It follows that the the worst case of Bubble Sort is O(N²), but its best case can be O(N).  A python implementation above shows best-of-5 runtimes for Bubble Short as follows.  Every time the size of the list increased ten-fold, the runtime increased one-hundred-fold.  For mostly sorted lists, the runtime was about 33% faster.

Indeed, some argue that Bubble Sort isn't even worthwhile to teach others, due to how fast it scales in runtime as the size of the sorting list grows.  However, I argue that the simplicity of the sort offers an incubational problem solving environment to many who wish to begin studying algorithms.

Mostly Sorted? N Runtime (s)
No 10 0.00012
Yes 10 0.00011
No 100 0.00349
Yes 100 0.00227
No 1000 0.32612
Yes 1000 0.20100
No 10000 33.4892
Yes 10000 20.6090


Insertion Sort

The Insertion Sort, like Bubble Sort, is not a very fast sort although it is still a relatively simple sorting algorithm.  While it remains of the same class of algorithms as Bubble Sort, the Insertion Sort has a much faster potential if the list is already mostly sorted.

1
2
3
4
5
6
7
8
def insertionSort(arr):
    for i in np.arange(1, len(arr)):
        currentvalue = arr[i]
        position = i
        while position > 0 and arr[position-1] > currentvalue:
            arr[position] = arr[position-1]
            position = position-1
        arr[position] = currentvalue

Ultimately, the insertion sort will still iterate over each element once in the outer loop.  It then makes a note of the index at that location, and then begins to iterate backwards looking for inversions that need to be corrected by inserting the out-of-order element before the indexed position.

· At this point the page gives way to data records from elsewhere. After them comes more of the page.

(* Let $f:\{-1,1\}^k\to\{0,1\}$ and $\delta\in(0,1)$. There exists a vanishing probability measure on $\mathcal{C}_\delta(f)$ if and only if there exists a vanishing probability measure on $\mathcal{C}(f)$.
   Context: $\mathcal{C}(f)$ is the set of symmetric $(k+1)\times(k+1)$ moment matrices $\zeta(\nu)$ (indices $0..k$: $\zeta(i,i)=1$, $\zeta(0,i)=\mathbb{E}_\nu x_i$, $\zeta(i,j)=\mathbb{E}_\nu x_ix_j$ for $i\neq j$) over distributions $\nu$ on $f^{-1}(1)$; $\mathcal{C}_\delta(f)=\{(1-\delta)\zeta+\delta I_{k+1}:\zeta\in\mathcal{C}(f)\}$. For $S\subseteq[k]$, a permutation $\pi$ of $S$, and $b\in\{-1,1\}^{|S|}$, $\zeta_{S,\pi,b}$ is the submatrix of $\zeta$ on rows/columns $\{0\}\cup S$ with the $S$-coordinates permuted by $\pi$, multiplied entrywise by $(1\ b)(1\ b)^T$; for a measure $\Lambda$, $\Lambda_{S,\pi,b}$ is the law of $\zeta_{S,\pi,b}$, $\zeta\sim\Lambda$. With $\hat f(S)$ the Fourier coefficients of $f$, a probability measure $\Lambda$ (on either body) is vanishing if for every $t\in[k]$ the signed measure $\mathbb{E}_{|S|=t}\mathbb{E}_{\pi}\mathbb{E}_{b}[(\prod_{i\in S}b_i)\hat f(S)\Lambda_{S,\pi,b}]$ ($S,\pi,b$ uniform) is identically zero. *)

theory Defs
  imports "HOL-Probability.Probability"
begin

definition cube :: "nat \<Rightarrow> (nat \<Rightarrow> real) set" where
  "cube k = {x. (\<forall>i\<in>{1..k}. x i \<in> {-1, 1}) \<and> (\<forall>i. i \<notin> {1..k} \<longrightarrow> x i = 0)}"

definition fhat :: "nat \<Rightarrow> ((nat \<Rightarrow> real) \<Rightarrow> real) \<Rightarrow> nat set \<Rightarrow> real" where
  "fhat k f S = (\<Sum>x\<in>cube k. f x * (\<Prod>i\<in>S. x i)) / 2 ^ k"

text \<open>Matrices of size n (indices 0..n-1) are extensional functions on index pairs.\<close>
definition mat_space :: "nat \<Rightarrow> (nat \<times> nat \<Rightarrow> real) measure" where
  "mat_space n = PiM ({..<n} \<times> {..<n}) (\<lambda>_. borel)"

definition moment_matrix :: "nat \<Rightarrow> (nat \<Rightarrow> real) pmf \<Rightarrow> (nat \<times> nat \<Rightarrow> real)" where
  "moment_matrix k \<nu> = restrict (\<lambda>(i, j).
      if i = j then 1
      else if i = 0 then measure_pmf.expectation \<nu> (\<lambda>x. x j)
      else if j = 0 then measure_pmf.expectation \<nu> (\<lambda>x. x i)
      else measure_pmf.expectation \<nu> (\<lambda>x. x i * x j)) ({..<Suc k} \<times> {..<Suc k})"

definition Cbody :: "nat \<Rightarrow> ((nat \<Rightarrow> real) \<Rightarrow> real) \<Rightarrow> (nat \<times> nat \<Rightarrow> real) set" where
  "Cbody k f = {moment_matrix k \<nu> | \<nu>. set_pmf \<nu> \<subseteq> {x \<in> cube k. f x = 1}}"

definition Cdelta :: "nat \<Rightarrow> ((nat \<Rightarrow> real) \<Rightarrow> real) \<Rightarrow> real \<Rightarrow> (nat \<times> nat \<Rightarrow> real) set" where
  "Cdelta k f \<delta> = {restrict (\<lambda>(i, j). (1 - \<delta>) * \<zeta> (i, j) + \<delta> * (if i = j then 1 else 0))
                       ({..<Suc k} \<times> {..<Suc k}) | \<zeta>. \<zeta> \<in> Cbody k f}"

text \<open>Orderings of S: bijections from positions 1..|S| onto S (the permutation pi of S).\<close>
definition perms_of :: "nat set \<Rightarrow> (nat \<Rightarrow> nat) set" where
  "perms_of S = {\<pi>. bij_betw \<pi> {1..card S} S \<and> (\<forall>i. i \<notin> {1..card S} \<longrightarrow> \<pi> i = 0)}"

definition signs :: "nat \<Rightarrow> (nat \<Rightarrow> real) set" where
  "signs t = {b. (\<forall>i\<in>{1..t}. b i \<in> {-1, 1}) \<and> (\<forall>i. i \<notin> {1..t} \<longrightarrow> b i = 0)}"

definition submat :: "(nat \<times> nat \<Rightarrow> real) \<Rightarrow> nat set \<Rightarrow> (nat \<Rightarrow> nat) \<Rightarrow> (nat \<Rightarrow> real)
    \<Rightarrow> (nat \<times> nat \<Rightarrow> real)" where
  "submat \<zeta> S \<pi> b = restrict (\<lambda>(i, j).
      \<zeta> (if i = 0 then 0 else \<pi> i, if j = 0 then 0 else \<pi> j)
        * (if i = 0 then 1 else b i) * (if j = 0 then 1 else b j))
      ({..<Suc (card S)} \<times> {..<Suc (card S)})"

definition prob_on :: "nat \<Rightarrow> (nat \<times> nat \<Rightarrow> real) measure \<Rightarrow> (nat \<times> nat \<Rightarrow> real) set \<Rightarrow> bool" where
  "prob_on k \<Lambda> B \<longleftrightarrow> prob_space \<Lambda> \<and> sets \<Lambda> = sets (restrict_space (mat_space (Suc k)) B)"

text \<open>Vanishing: for every t in [k], the signed measure
  E_{|S|=t} E_pi E_b [(prod b_i) fhat(S) Lambda_{S,pi,b}] is zero on every measurable set.\<close>
definition vanishing :: "nat \<Rightarrow> ((nat \<Rightarrow> real) \<Rightarrow> real) \<Rightarrow> (nat \<times> nat \<Rightarrow> real) measure \<Rightarrow> bool" where
  "vanishing k f \<Lambda> \<longleftrightarrow>
     (\<forall>t\<in>{1..k}. \<forall>A\<in>sets (mat_space (Suc t)).
        (\<Sum>S\<in>{S. S \<subseteq> {1..k} \<and> card S = t}. \<Sum>\<pi>\<in>perms_of S. \<Sum>b\<in>signs t.
            (\<Prod>i\<in>{1..t}. b i) * fhat k f S
              * measure \<Lambda> {\<zeta> \<in> space \<Lambda>. submat \<zeta> S \<pi> b \<in> A})
          / (real (k choose t) * fact t * 2 ^ t) = 0)"

end

theory Submission
  imports Defs
begin

text \<open>The matrices \<open>\<zeta>\<close> and \<open>(1 - \<delta>) \<zeta> + \<delta> I\<close> determine each other through an invertible affine
  map \<open>M \<mapsto> a M + c I\<close>. Such a map commutes with taking the signed, permuted principal submatrices
  \<open>\<zeta>\<^sub>S\<^sub>,\<^sub>\<pi>\<^sub>,\<^sub>b\<close>, since the signs square to one on the diagonal. Hence pushing a measure forward along it
  pushes every measure \<open>\<Lambda>\<^sub>S\<^sub>,\<^sub>\<pi>\<^sub>,\<^sub>b\<close> forward along the same map on the smaller matrices, and
  vanishing is preserved in both directions.\<close>

definition affine_mat :: "nat \<Rightarrow> real \<Rightarrow> real \<Rightarrow> (nat \<times> nat \<Rightarrow> real) \<Rightarrow> (nat \<times> nat \<Rightarrow> real)" where
  "affine_mat n a c M = restrict (\<lambda>(i, j). a * M (i, j) + c * (if i = j then 1 else 0)) ({..<n} \<times> {..<n})"

lemma measurable_affine_mat: "affine_mat n a c \<in> measurable (mat_space n) (mat_space n)"
  unfolding affine_mat_def mat_space_def
  by (rule measurable_restrict) (clarsimp split: prod.splits, measurable)

lemma affine_mat_affine_mat:
  assumes "M \<in> extensional ({..<n} \<times> {..<n})"
  shows "affine_mat n a c (affine_mat n a' c' M) = affine_mat n (a * a') (a * c' + c) M"
  using assms unfolding affine_mat_def extensional_def
  by (intro ext) (auto simp: algebra_simps split: prod.splits)

lemma affine_mat_1_0:
  assumes "M \<in> extensional ({..<n} \<times> {..<n})"
  shows "affine_mat n 1 0 M = M"
proof
  fix p show "affine_mat n 1 0 M p = M p"
    using assms unfolding affine_mat_def extensional_def by (cases p) auto
qed

lemma Cdelta_eq_image_affine_mat: "Cdelta k f \<delta> = affine_mat (Suc k) (1 - \<delta>) \<delta> ` Cbody k f"
  unfolding Cdelta_def affine_mat_def by auto

lemma Cbody_extensional: "\<zeta> \<in> Cbody k f \<Longrightarrow> \<zeta> \<in> extensional ({..<Suc k} \<times> {..<Suc k})"
  unfolding Cbody_def moment_matrix_def by auto

lemma perm_index_in:
  assumes "\<pi> \<in> perms_of S" "0 < i" "i < Suc (card S)"
  shows "\<pi> i \<in> S"
  using assms unfolding perms_of_def bij_betw_def by auto

lemma perm_index_less:
  assumes "S \<subseteq> {1..k}" "\<pi> \<in> perms_of S" "i < Suc (card S)"
  shows "(if i = 0 then 0 else \<pi> i) < Suc k"
  using perm_index_in[OF assms(2) _ assms(3)] assms(1) by auto

lemma perm_index_eq_iff:
  assumes "S \<subseteq> {1..k}" "\<pi> \<in> perms_of S" "i < Suc (card S)" "j < Suc (card S)"
  shows "((if i = 0 then 0 else \<pi> i) = (if j = 0 then 0 else \<pi> j)) \<longleftrightarrow> i = j"
proof -
  have inj: "inj_on \<pi> {1..card S}"
    using assms(2) unfolding perms_of_def bij_betw_def by auto
  have nonzero: "\<pi> l \<noteq> 0" if "0 < l" "l < Suc (card S)" for l
    using perm_index_in[OF assms(2) that] assms(1) by auto
  show ?thesis
  proof (cases "i = 0 \<or> j = 0")
    case True
    then show ?thesis using nonzero assms(3,4) by auto
  next
    case False
    then show ?thesis using inj_on_eq_iff[OF inj, of i j] assms(3,4) by simp
  qed
qed

lemma sign_square:
  assumes "b \<in> signs t" "i < Suc t"
  shows "(if i = 0 then 1 else b i) * (if i = 0 then 1 else b i) = (1::real)"
proof (cases "i = 0")
  case False
  then have "b i \<in> {-1, 1}"
    using assms unfolding signs_def by auto
  then show ?thesis using False by auto
qed simp

lemma measurable_submat:
  assumes "S \<subseteq> {1..k}" "\<pi> \<in> perms_of S"
  shows "(\<lambda>\<zeta>. submat \<zeta> S \<pi> b) \<in> measurable (mat_space (Suc k)) (mat_space (Suc (card S)))"
  unfolding submat_def mat_space_def
proof (rule measurable_restrict, clarify)
  fix i j assume "i < Suc (card S)" "j < Suc (card S)"
  then have "(if i = 0 then 0 else \<pi> i, if j = 0 then 0 else \<pi> j) \<in> {..<Suc k} \<times> {..<Suc k}"
    using perm_index_less[OF assms] by auto
  then show "(\<lambda>x. x (if i = 0 then 0 else \<pi> i, if j = 0 then 0 else \<pi> j) *
                 (if i = 0 then 1 else b i) * (if j = 0 then 1 else b j))
         \<in> borel_measurable (Pi\<^sub>M ({..<Suc k} \<times> {..<Suc k}) (\<lambda>_. borel))"
    by measurable
qed

lemma submat_affine_mat:
  assumes "S \<subseteq> {1..k}" "\<pi> \<in> perms_of S" "b \<in> signs (card S)"
  shows "submat (affine_mat (Suc k) a c \<zeta>) S \<pi> b = affine_mat (Suc (card S)) a c (submat \<zeta> S \<pi> b)"
proof (intro ext, clarify)
  fix i j
  show "submat (affine_mat (Suc k) a c \<zeta>) S \<pi> b (i, j) = affine_mat (Suc (card S)) a c (submat \<zeta> S \<pi> b) (i, j)"
  proof (cases "i < Suc (card S) \<and> j < Suc (card S)")
    case True
    then have "(if i = 0 then 0 else \<pi> i) < Suc k" "(if j = 0 then 0 else \<pi> j) < Suc k"
      and "((if i = 0 then 0 else \<pi> i) = (if j = 0 then 0 else \<pi> j)) \<longleftrightarrow> i = j"
      and "(if i = 0 then 1 else b i) * (if i = 0 then 1 else b i) = 1"
      using perm_index_less[OF assms(1,2)] perm_index_eq_iff[OF assms(1,2)] sign_square[OF assms(3)]
      by auto
    with True show ?thesis
      unfolding submat_def affine_mat_def by (auto simp: algebra_simps)
  qed (auto simp: submat_def affine_mat_def)
qed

One other way to understand this algorithm is to consider a hand of cards that you need to sort.  Typically, you'd look at the first card, and then scan right of it looking for any cards smaller than it, and you'd insert those before your first card in sorted order.

At its worst case, the Insertion sort requires N passes of the outer loop and N-i passes of the inner loop, which could happen if the list was reverse-sorted.  This is O(N²) at worst case, but O(N) at its best case.  This sounds identical to Bubble Sort, but why is Insertion Sort faster than Bubble Sort at its best case?  The code for our Insertion Sort can utilize a While loop in its inner loop, whereas the Bubble Sort used a For loop.  In the best case for Bubble Sort, it still had to iterate over N-i items in every inner loop.  However, the Insertion Sort code can opt out of its Inner While loop at any time, and on the very first pass of best cases.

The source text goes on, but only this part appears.